# TO DO
Only one stretch of the data below should be repeated: the lines from the line containing "complete) equipped with" through the line containing "cinner b b = 1)", inclusive, exactly as they are.

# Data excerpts
════════════════
(* Let $S$ be a closed, densely defined symmetric operator in a Hilbert space $\mathfrak{H}$ with equal deficiency indices, and let $J$ be a fundamental symmetry in $\mathfrak{H}$ commuting with $S$. Then there exists a unitary mapping $Q:\mathfrak{N}_{i}\to\mathfrak{N}_{-i}$ for which the boundary operators $\Gamma_0,\Gamma_1$ defined below satisfy $\Gamma_0 J=J\Gamma_0$ and $\Gamma_1 J=J\Gamma_1$ on $\mathcal{D}(S^* )$ if and only if there exists at least one self-adjoint extension of $S$ commuting with $J$.
   Context: A fundamental symmetry is a bounded operator $J$ with $J=J^*$, $J^2=I$. "$J$ commutes with an operator $T$" means $J\mathcal{D}(T)\subset\mathcal{D}(T)$ and $JTu=TJu$ for $u\in\mathcal{D}(T)$. Defect subspaces: $\mathfrak{N}_i=\mathfrak{H}\ominus\mathcal{R}(S-iI)$, $\mathfrak{N}_{-i}=\mathfrak{H}\ominus\mathcal{R}(S+iI)$; since $SJ=JS$, these subspaces are invariant under $J$. By von Neumann's formula every $\psi\in\mathcal{D}(S^* )$ decomposes uniquely as $\psi=u+f_{-i}+f_i$ with $u\in\mathcal{D}(S)$, $f_{\pm i}\in\mathfrak{N}_{\pm i}$. For a unitary $Q:\mathfrak{N}_i\to\mathfrak{N}_{-i}$ define $\Gamma_0,\Gamma_1:\mathcal{D}(S^* )\to\mathfrak{N}_{-i}$ by $\Gamma_0\psi=f_{-i}+Qf_i$, $\Gamma_1\psi=if_{-i}-iQf_i$ (the triplet $(\mathfrak{N}_{-i},\Gamma_0,\Gamma_1)$ is then a boundary triplet of $S^*$). *)

theory Defs
  imports "HOL-Analysis.Analysis" "HOL-Library.Equipollence"
begin

text \<open>A complex Hilbert space is modelled as a real Hilbert space (real inner product,
complete) equipped with a multiplication by the imaginary unit, ii, which is a
real-linear isometry squaring to minus the identity. Complex scalar multiplication
and the complex inner product (linear in the first argument) are derived from it.\<close>

class complex_hilbert = real_inner + complete_space +
  fixes ii :: "'a \<Rightarrow> 'a"
  assumes ii_add: "ii (x + y) = ii x + ii y"
    and ii_scaleR: "ii (r *\<^sub>R x) = r *\<^sub>R ii x"
    and ii_ii: "ii (ii x) = - x"
    and inner_ii_ii: "inner (ii x) (ii y) = inner x y"

definition scaleC :: "complex \<Rightarrow> 'a::complex_hilbert \<Rightarrow> 'a" where
  "scaleC z x = Re z *\<^sub>R x + Im z *\<^sub>R ii x"

definition cinner :: "'a::complex_hilbert \<Rightarrow> 'a \<Rightarrow> complex" where
  "cinner x y = Complex (inner x y) (inner x (ii y))"

definition orth_compl :: "'a::complex_hilbert set \<Rightarrow> 'a set" where
  "orth_compl M = {x. \<forall>y\<in>M. cinner y x = 0}"

definition cspan :: "'a::complex_hilbert set \<Rightarrow> 'a set" where
  "cspan B = {\<Sum>b\<in>F. scaleC (c b) b | F c. finite F \<and> F \<subseteq> B}"

definition orthonormal_basis :: "'a::complex_hilbert set \<Rightarrow> 'a set \<Rightarrow> bool" where
  "orthonormal_basis M B \<longleftrightarrow> B \<subseteq> M \<and> (\<forall>b\<in>B. cinner b b = 1)
     \<and> (\<forall>b\<in>B. \<forall>c\<in>B. b \<noteq> c \<longrightarrow> cinner b c = 0) \<and> closure (cspan B) = M"

definition equal_hilbert_dim :: "'a::complex_hilbert set \<Rightarrow> 'a set \<Rightarrow> bool" where
  "equal_hilbert_dim M N \<longleftrightarrow>
     (\<exists>B C. orthonormal_basis M B \<and> orthonormal_basis N C \<and> B \<approx> C)"

definition is_operator :: "('a::complex_hilbert \<times> 'a) set \<Rightarrow> bool" where
  "is_operator G \<longleftrightarrow> (0, 0) \<in> G
     \<and> (\<forall>(u, v)\<in>G. \<forall>(u', v')\<in>G. (u + u', v + v') \<in> G)
     \<and> (\<forall>(u, v)\<in>G. \<forall>c. (scaleC c u, scaleC c v) \<in> G)
     \<and> (\<forall>u v w. (u, v) \<in> G \<and> (u, w) \<in> G \<longrightarrow> v = w)"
════════════════
# ANSWER BOX
complete) equipped with a multiplication by the imaginary unit, ii, which is a
real-linear isometry squaring to minus the identity. Complex scalar multiplication
and the complex inner product (linear in the first argument) are derived from it.\<close>

class complex_hilbert = real_inner + complete_space +
  fixes ii :: "'a \<Rightarrow> 'a"
  assumes ii_add: "ii (x + y) = ii x + ii y"
    and ii_scaleR: "ii (r *\<^sub>R x) = r *\<^sub>R ii x"
    and ii_ii: "ii (ii x) = - x"
    and inner_ii_ii: "inner (ii x) (ii y) = inner x y"

definition scaleC :: "complex \<Rightarrow> 'a::complex_hilbert \<Rightarrow> 'a" where
  "scaleC z x = Re z *\<^sub>R x + Im z *\<^sub>R ii x"

definition cinner :: "'a::complex_hilbert \<Rightarrow> 'a \<Rightarrow> complex" where
  "cinner x y = Complex (inner x y) (inner x (ii y))"

definition orth_compl :: "'a::complex_hilbert set \<Rightarrow> 'a set" where
  "orth_compl M = {x. \<forall>y\<in>M. cinner y x = 0}"

definition cspan :: "'a::complex_hilbert set \<Rightarrow> 'a set" where
  "cspan B = {\<Sum>b\<in>F. scaleC (c b) b | F c. finite F \<and> F \<subseteq> B}"

definition orthonormal_basis :: "'a::complex_hilbert set \<Rightarrow> 'a set \<Rightarrow> bool" where
  "orthonormal_basis M B \<longleftrightarrow> B \<subseteq> M \<and> (\<forall>b\<in>B. cinner b b = 1)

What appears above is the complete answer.